### TASK DESCRIPTION
A complete and exact copy of the data below is required.

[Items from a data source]

(* Under the same patch setup as below, fix an order $P\ge1$ and $0<r\le1$, and define edge values by the Lagrangian interpolation $$u^I_{n+1}=u^I_1+\sum_{k=1}^{P}\Big(\prod_{\ell=0}^{k-1}(r^2-\ell^2)\Big)\frac{(2k/r)\,\mu\delta^{2k-1}+\delta^{2k}}{(2k)!}\,u^I_1,\qquad u^I_{0}=u^I_n+\sum_{k=1}^{P}\Big(\prod_{\ell=0}^{k-1}(r^2-\ell^2)\Big)\frac{-(2k/r)\,\mu\delta^{2k-1}+\delta^{2k}}{(2k)!}\,u^I_n .$$ Writing these as $u^I_{n+1}=\sum_J\mathcal I^{IJ}_{n1}u^J_1$ and $u^I_0=\sum_J\mathcal I^{IJ}_{1n}u^J_n$, the coefficients are real and satisfy $\mathcal I^{IJ}_{n1}=\mathcal I^{JI}_{1n}$ for all $I,J$; consequently, for every $P$, the linear system $\partial_t\mathbf u=\mathcal L\mathbf u$ of the patch scheme has a real symmetric (self-adjoint) matrix $\mathcal L$.
   Context: Setup: $N$ patches indexed $I=1,\dots,N$ (indices taken cyclically modulo $N$, macroscale periodic domain), macroscale spacing $H$, each with $n$ interior points of spacing $d$, patch width $h=nd=rH$. Interior values $u^I_i(t)$, $i=1,\dots,n$, satisfy $d^2\partial_t u^I_i=\kappa^I_{i+\frac12}(u^I_{i+1}-u^I_i)+\kappa^I_{i-\frac12}(u^I_{i-1}-u^I_i)$ with real diffusivities satisfying $\kappa^I_{1/2}=\kappa^J_{n+1/2}$ for all $I,J$; $\mathbf u\in\mathbb R^{nN}$ collects all interior values. Operators act on the patch index: $E u^I_i=u^{I+1}_i$, $E^{-1}u^I_i=u^{I-1}_i$; $\mu\delta:=\tfrac12(E-E^{-1})$, $\delta^2:=E-2+E^{-1}$, and for $k\ge1$, $\mu\delta^{2k-1}:=\tfrac12(E-E^{-1})(E-2+E^{-1})^{k-1}$, $\delta^{2k}:=(E-2+E^{-1})^{k}$. *)

theory Defs
  imports Complex_Main
begin

text \<open>Operators acting on the patch index are represented by N x N real matrices
  A :: nat => nat => real (indices 0..N-1, cyclic), acting as (A u)^I = sum_J A I J u^J.\<close>

definition mmul :: "nat \<Rightarrow> (nat \<Rightarrow> nat \<Rightarrow> real) \<Rightarrow> (nat \<Rightarrow> nat \<Rightarrow> real) \<Rightarrow> (nat \<Rightarrow> nat \<Rightarrow> real)" where
  "mmul N A B = (\<lambda>I J. \<Sum>K<N. A I K * B K J)"

definition mid :: "nat \<Rightarrow> nat \<Rightarrow> real" where
  "mid = (\<lambda>I J. if I = J then 1 else 0)"

fun mpow :: "nat \<Rightarrow> (nat \<Rightarrow> nat \<Rightarrow> real) \<Rightarrow> nat \<Rightarrow> (nat \<Rightarrow> nat \<Rightarrow> real)" where
  "mpow N A 0 = mid"
| "mpow N A (Suc k) = mmul N (mpow N A k) A"

definition Eop :: "nat \<Rightarrow> nat \<Rightarrow> nat \<Rightarrow> real" where
  "Eop N = (\<lambda>I J. if J = Suc I mod N then 1 else 0)"

definition Einv :: "nat \<Rightarrow> nat \<Rightarrow> nat \<Rightarrow> real" where
  "Einv N = (\<lambda>I J. if I = Suc J mod N then 1 else 0)"

definition delta2 :: "nat \<Rightarrow> nat \<Rightarrow> nat \<Rightarrow> real" where
  "delta2 N = (\<lambda>I J. Eop N I J - 2 * mid I J + Einv N I J)"

text \<open>mu delta^(2k-1) = (1/2)(E - E^{-1}) (E - 2 + E^{-1})^(k-1) and delta^(2k) = (E - 2 + E^{-1})^k.\<close>
definition mudelta_odd :: "nat \<Rightarrow> nat \<Rightarrow> nat \<Rightarrow> nat \<Rightarrow> real" where
  "mudelta_odd N k = mmul N (\<lambda>I J. (Eop N I J - Einv N I J) / 2) (mpow N (delta2 N) (k - 1))"

definition delta_even :: "nat \<Rightarrow> nat \<Rightarrow> nat \<Rightarrow> nat \<Rightarrow> real" where
  "delta_even N k = mpow N (delta2 N) k"

definition interp_coef :: "real \<Rightarrow> nat \<Rightarrow> real" where
  "interp_coef r k = (\<Prod>l<k. r\<^sup>2 - (real l)\<^sup>2)"

definition In1 :: "nat \<Rightarrow> nat \<Rightarrow> real \<Rightarrow> nat \<Rightarrow> nat \<Rightarrow> real" where
  "In1 N P r = (\<lambda>I J. mid I J + (\<Sum>k\<in>{1..P}. interp_coef r k *
      ((2 * real k / r) * mudelta_odd N k I J + delta_even N k I J) / fact (2 * k)))"
(* Let $H$ be a separable complex Hilbert space, $\{v_j\}_{j\in\mathbb N}$ an orthonormal basis of $H$, $\{w_j\}_{j\in\mathbb N}$ a set of unit vectors in $H$, and $N\ge1$. Let $\mathcal B_N=\{w_j\}_{1\le j\le N}\cup\{v_j\}_{j\ge N+1}$, $\hat H_N=\operatorname{span}\{v_1,\dots,v_N,w_1,\dots,w_N\}$ and $S_H=\{f\in H:\|f\|=1\}$. Then $\mathcal B_N$ is a frame of $H$ if and only if for every $f\in S_H\cap\hat H_N$, $$\sum_{j=1}^N\big(|\langle f,w_j\rangle|^2-|\langle f,v_j\rangle|^2\big)+1>0.$$ Moreover, the optimal frame bounds of $\mathcal B_N$ are the maximum and minimum of the functional $f\mapsto\sum_{j=1}^N(|\langle f,w_j\rangle|^2-|\langle f,v_j\rangle|^2)+1$ on $S_H\cap\hat H_N$.
   Context: A sequence $\{u_j\}$ in $H$ is a frame if there are constants $0<A\le B<\infty$ with $A\|f\|^2\le\sum_j|\langle f,u_j\rangle|^2\le B\|f\|^2$ for all $f\in H$; the optimal frame bounds are the largest such $A$ and smallest such $B$. *)

theory Defs
  imports "HOL-Analysis.Analysis"
begin

text \<open>HOL-Analysis only provides real inner product
spaces, so we extend the class real_inner by a complex scalar multiplication
and a complex inner product (linear in the first argument, conjugate-symmetric)
whose real part is the underlying real inner product. A complex Hilbert space is a type of sort
{complex_inner, complete_space}.\<close>

class complex_inner = real_inner +
  fixes scaleC :: "complex \<Rightarrow> 'a \<Rightarrow> 'a"
    and cinner :: "'a \<Rightarrow> 'a \<Rightarrow> complex"
  assumes scaleC_add_right: "scaleC a (x + y) = scaleC a x + scaleC a y"
    and scaleC_add_left: "scaleC (a + b) x = scaleC a x + scaleC b x"
    and scaleC_scaleC: "scaleC a (scaleC b x) = scaleC (a * b) x"
    and scaleC_one: "scaleC 1 x = x"
    and scaleR_scaleC: "scaleR r x = scaleC (complex_of_real r) x"
    and cinner_add_left: "cinner (x + y) z = cinner x z + cinner y z"
    and cinner_scaleC_left: "cinner (scaleC a x) y = a * cinner x y"
    and cinner_commute: "cinner x y = cnj (cinner y x)"
    and inner_cinner: "inner x y = Re (cinner x y)"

### RESPONSE BOX
(* Under the same patch setup as below, fix an order $P\ge1$ and $0<r\le1$, and define edge values by the Lagrangian interpolation $$u^I_{n+1}=u^I_1+\sum_{k=1}^{P}\Big(\prod_{\ell=0}^{k-1}(r^2-\ell^2)\Big)\frac{(2k/r)\,\mu\delta^{2k-1}+\delta^{2k}}{(2k)!}\,u^I_1,\qquad u^I_{0}=u^I_n+\sum_{k=1}^{P}\Big(\prod_{\ell=0}^{k-1}(r^2-\ell^2)\Big)\frac{-(2k/r)\,\mu\delta^{2k-1}+\delta^{2k}}{(2k)!}\,u^I_n .$$ Writing these as $u^I_{n+1}=\sum_J\mathcal I^{IJ}_{n1}u^J_1$ and $u^I_0=\sum_J\mathcal I^{IJ}_{1n}u^J_n$, the coefficients are real and satisfy $\mathcal I^{IJ}_{n1}=\mathcal I^{JI}_{1n}$ for all $I,J$; consequently, for every $P$, the linear system $\partial_t\mathbf u=\mathcal L\mathbf u$ of the patch scheme has a real symmetric (self-adjoint) matrix $\mathcal L$.
   Context: Setup: $N$ patches indexed $I=1,\dots,N$ (indices taken cyclically modulo $N$, macroscale periodic domain), macroscale spacing $H$, each with $n$ interior points of spacing $d$, patch width $h=nd=rH$. Interior values $u^I_i(t)$, $i=1,\dots,n$, satisfy $d^2\partial_t u^I_i=\kappa^I_{i+\frac12}(u^I_{i+1}-u^I_i)+\kappa^I_{i-\frac12}(u^I_{i-1}-u^I_i)$ with real diffusivities satisfying $\kappa^I_{1/2}=\kappa^J_{n+1/2}$ for all $I,J$; $\mathbf u\in\mathbb R^{nN}$ collects all interior values. Operators act on the patch index: $E u^I_i=u^{I+1}_i$, $E^{-1}u^I_i=u^{I-1}_i$; $\mu\delta:=\tfrac12(E-E^{-1})$, $\delta^2:=E-2+E^{-1}$, and for $k\ge1$, $\mu\delta^{2k-1}:=\tfrac12(E-E^{-1})(E-2+E^{-1})^{k-1}$, $\delta^{2k}:=(E-2+E^{-1})^{k}$. *)

theory Defs
  imports Complex_Main
begin

text \<open>Operators acting on the patch index are represented by N x N real matrices
  A :: nat => nat => real (indices 0..N-1, cyclic), acting as (A u)^I = sum_J A I J u^J.\<close>

definition mmul :: "nat \<Rightarrow> (nat \<Rightarrow> nat \<Rightarrow> real) \<Rightarrow> (nat \<Rightarrow> nat \<Rightarrow> real) \<Rightarrow> (nat \<Rightarrow> nat \<Rightarrow> real)" where
  "mmul N A B = (\<lambda>I J. \<Sum>K<N. A I K * B K J)"

definition mid :: "nat \<Rightarrow> nat \<Rightarrow> real" where
  "mid = (\<lambda>I J. if I = J then 1 else 0)"

fun mpow :: "nat \<Rightarrow> (nat \<Rightarrow> nat \<Rightarrow> real) \<Rightarrow> nat \<Rightarrow> (nat \<Rightarrow> nat \<Rightarrow> real)" where
  "mpow N A 0 = mid"
| "mpow N A (Suc k) = mmul N (mpow N A k) A"

definition Eop :: "nat \<Rightarrow> nat \<Rightarrow> nat \<Rightarrow> real" where
  "Eop N = (\<lambda>I J. if J = Suc I mod N then 1 else 0)"

definition Einv :: "nat \<Rightarrow> nat \<Rightarrow> nat \<Rightarrow> real" where
  "Einv N = (\<lambda>I J. if I = Suc J mod N then 1 else 0)"

definition delta2 :: "nat \<Rightarrow> nat \<Rightarrow> nat \<Rightarrow> real" where
  "delta2 N = (\<lambda>I J. Eop N I J - 2 * mid I J + Einv N I J)"

text \<open>mu delta^(2k-1) = (1/2)(E - E^{-1}) (E - 2 + E^{-1})^(k-1) and delta^(2k) = (E - 2 + E^{-1})^k.\<close>
definition mudelta_odd :: "nat \<Rightarrow> nat \<Rightarrow> nat \<Rightarrow> nat \<Rightarrow> real" where
  "mudelta_odd N k = mmul N (\<lambda>I J. (Eop N I J - Einv N I J) / 2) (mpow N (delta2 N) (k - 1))"

definition delta_even :: "nat \<Rightarrow> nat \<Rightarrow> nat \<Rightarrow> nat \<Rightarrow> real" where
  "delta_even N k = mpow N (delta2 N) k"

definition interp_coef :: "real \<Rightarrow> nat \<Rightarrow> real" where
  "interp_coef r k = (\<Prod>l<k. r\<^sup>2 - (real l)\<^sup>2)"

definition In1 :: "nat \<Rightarrow> nat \<Rightarrow> real \<Rightarrow> nat \<Rightarrow> nat \<Rightarrow> real" where
  "In1 N P r = (\<lambda>I J. mid I J + (\<Sum>k\<in>{1..P}. interp_coef r k *
      ((2 * real k / r) * mudelta_odd N k I J + delta_even N k I J) / fact (2 * k)))"
(* Let $H$ be a separable complex Hilbert space, $\{v_j\}_{j\in\mathbb N}$ an orthonormal basis of $H$, $\{w_j\}_{j\in\mathbb N}$ a set of unit vectors in $H$, and $N\ge1$. Let $\mathcal B_N=\{w_j\}_{1\le j\le N}\cup\{v_j\}_{j\ge N+1}$, $\hat H_N=\operatorname{span}\{v_1,\dots,v_N,w_1,\dots,w_N\}$ and $S_H=\{f\in H:\|f\|=1\}$. Then $\mathcal B_N$ is a frame of $H$ if and only if for every $f\in S_H\cap\hat H_N$, $$\sum_{j=1}^N\big(|\langle f,w_j\rangle|^2-|\langle f,v_j\rangle|^2\big)+1>0.$$ Moreover, the optimal frame bounds of $\mathcal B_N$ are the maximum and minimum of the functional $f\mapsto\sum_{j=1}^N(|\langle f,w_j\rangle|^2-|\langle f,v_j\rangle|^2)+1$ on $S_H\cap\hat H_N$.
   Context: A sequence $\{u_j\}$ in $H$ is a frame if there are constants $0<A\le B<\infty$ with $A\|f\|^2\le\sum_j|\langle f,u_j\rangle|^2\le B\|f\|^2$ for all $f\in H$; the optimal frame bounds are the largest such $A$ and smallest such $B$. *)

theory Defs
  imports "HOL-Analysis.Analysis"
begin

text \<open>HOL-Analysis only provides real inner product
spaces, so we extend the class real_inner by a complex scalar multiplication
and a complex inner product (linear in the first argument, conjugate-symmetric)
whose real part is the underlying real inner product. A complex Hilbert space is a type of sort
{complex_inner, complete_space}.\<close>

class complex_inner = real_inner +
  fixes scaleC :: "complex \<Rightarrow> 'a \<Rightarrow> 'a"
    and cinner :: "'a \<Rightarrow> 'a \<Rightarrow> complex"
  assumes scaleC_add_right: "scaleC a (x + y) = scaleC a x + scaleC a y"
    and scaleC_add_left: "scaleC (a + b) x = scaleC a x + scaleC b x"
    and scaleC_scaleC: "scaleC a (scaleC b x) = scaleC (a * b) x"
    and scaleC_one: "scaleC 1 x = x"
    and scaleR_scaleC: "scaleR r x = scaleC (complex_of_real r) x"
    and cinner_add_left: "cinner (x + y) z = cinner x z + cinner y z"
    and cinner_scaleC_left: "cinner (scaleC a x) y = a * cinner x y"
    and cinner_commute: "cinner x y = cnj (cinner y x)"
    and inner_cinner: "inner x y = Re (cinner x y)"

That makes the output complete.